(* $\mathcal{H}_{N}'$ is generated as a Lie algebra by the elements $h_{\pm e_i}$ ($1\le i\le N$) and $h_{\pm e_j\pm e_k}$ ($1\le j<k\le N$).
   Context: $\mathbb{K}$ is an algebraically closed field of characteristic zero, $N=2m\ge2$ even, $e_1,\dots,e_N$ the standard basis of $\mathbb{Z}^N\subset\mathbb{K}^N$, $(\cdot,\cdot)$ the bilinear form with $(e_i,e_j)=\delta_{ij}$. Let $A_N=\mathbb{K}[t_1^{\pm1},\dots,t_N^{\pm1}]$, $d_i=t_i\frac{\partial}{\partial t_i}$, $t^{\bm r}=t_1^{r_1}\cdots t_N^{r_N}$, $D(u,\bm r)=\sum_i u_it^{\bm r}d_i$. Let $\bm J=\begin{pmatrix} O_m & I_m\\ -I_m & O_m\end{pmatrix}$, $\overline{\bm r}=\bm J\bm r$, $h_{\bm r}=D(\overline{\bm r},\bm r)$ (so $h_{\bm 0}=0$). $\mathcal{H}_N'=\operatorname{span}_{\mathbb{K}}\{h_{\bm r}:\bm r\in\mathbb{Z}^N\setminus\{\bm0\}\}$ is the Lie algebra with bracket $[h_{\bm r},h_{\bm s}]=(\overline{\bm r},\bm s)h_{\bm r+\bm s}$ (derived subalgebra of the Hamiltonian Lie algebra). *)

theory Defs
  imports "HOL-Computational_Algebra.Polynomial"
begin

text \<open>Vectors of Z^N (N = 2m) are functions nat => int vanishing outside {0..<2m}
  (coordinates indexed 0..2m-1).\<close>

definition lat :: "nat \<Rightarrow> (nat \<Rightarrow> int) set" where
  "lat m = {r. \<forall>i. 2*m \<le> i \<longrightarrow> r i = 0}"

definition zerov :: "nat \<Rightarrow> int" where "zerov = (\<lambda>_. 0)"

definition vadd :: "(nat \<Rightarrow> int) \<Rightarrow> (nat \<Rightarrow> int) \<Rightarrow> (nat \<Rightarrow> int)" where
  "vadd r s = (\<lambda>i. r i + s i)"

definition vsmult :: "int \<Rightarrow> (nat \<Rightarrow> int) \<Rightarrow> (nat \<Rightarrow> int)" where
  "vsmult c r = (\<lambda>i. c * r i)"

definition unitv :: "nat \<Rightarrow> (nat \<Rightarrow> int)" where
  "unitv i = (\<lambda>j. if j = i then 1 else 0)"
•••
TASK OBJECTIVE: The data above must be reproduced in full, exactly as given.

TASK SOLUTION:
(* $\mathcal{H}_{N}'$ is generated as a Lie algebra by the elements $h_{\pm e_i}$ ($1\le i\le N$) and $h_{\pm e_j\pm e_k}$ ($1\le j<k\le N$).
   Context: $\mathbb{K}$ is an algebraically closed field of characteristic zero, $N=2m\ge2$ even, $e_1,\dots,e_N$ the standard basis of $\mathbb{Z}^N\subset\mathbb{K}^N$, $(\cdot,\cdot)$ the bilinear form with $(e_i,e_j)=\delta_{ij}$. Let $A_N=\mathbb{K}[t_1^{\pm1},\dots,t_N^{\pm1}]$, $d_i=t_i\frac{\partial}{\partial t_i}$, $t^{\bm r}=t_1^{r_1}\cdots t_N^{r_N}$, $D(u,\bm r)=\sum_i u_it^{\bm r}d_i$. Let $\bm J=\begin{pmatrix} O_m & I_m\\ -I_m & O_m\end{pmatrix}$, $\overline{\bm r}=\bm J\bm r$, $h_{\bm r}=D(\overline{\bm r},\bm r)$ (so $h_{\bm 0}=0$). $\mathcal{H}_N'=\operatorname{span}_{\mathbb{K}}\{h_{\bm r}:\bm r\in\mathbb{Z}^N\setminus\{\bm0\}\}$ is the Lie algebra with bracket $[h_{\bm r},h_{\bm s}]=(\overline{\bm r},\bm s)h_{\bm r+\bm s}$ (derived subalgebra of the Hamiltonian Lie algebra). *)

theory Defs
  imports "HOL-Computational_Algebra.Polynomial"
begin

text \<open>Vectors of Z^N (N = 2m) are functions nat => int vanishing outside {0..<2m}
  (coordinates indexed 0..2m-1).\<close>

definition lat :: "nat \<Rightarrow> (nat \<Rightarrow> int) set" where
  "lat m = {r. \<forall>i. 2*m \<le> i \<longrightarrow> r i = 0}"

definition zerov :: "nat \<Rightarrow> int" where "zerov = (\<lambda>_. 0)"

definition vadd :: "(nat \<Rightarrow> int) \<Rightarrow> (nat \<Rightarrow> int) \<Rightarrow> (nat \<Rightarrow> int)" where
  "vadd r s = (\<lambda>i. r i + s i)"

definition vsmult :: "int \<Rightarrow> (nat \<Rightarrow> int) \<Rightarrow> (nat \<Rightarrow> int)" where
  "vsmult c r = (\<lambda>i. c * r i)"

definition unitv :: "nat \<Rightarrow> (nat \<Rightarrow> int)" where
  "unitv i = (\<lambda>j. if j = i then 1 else 0)"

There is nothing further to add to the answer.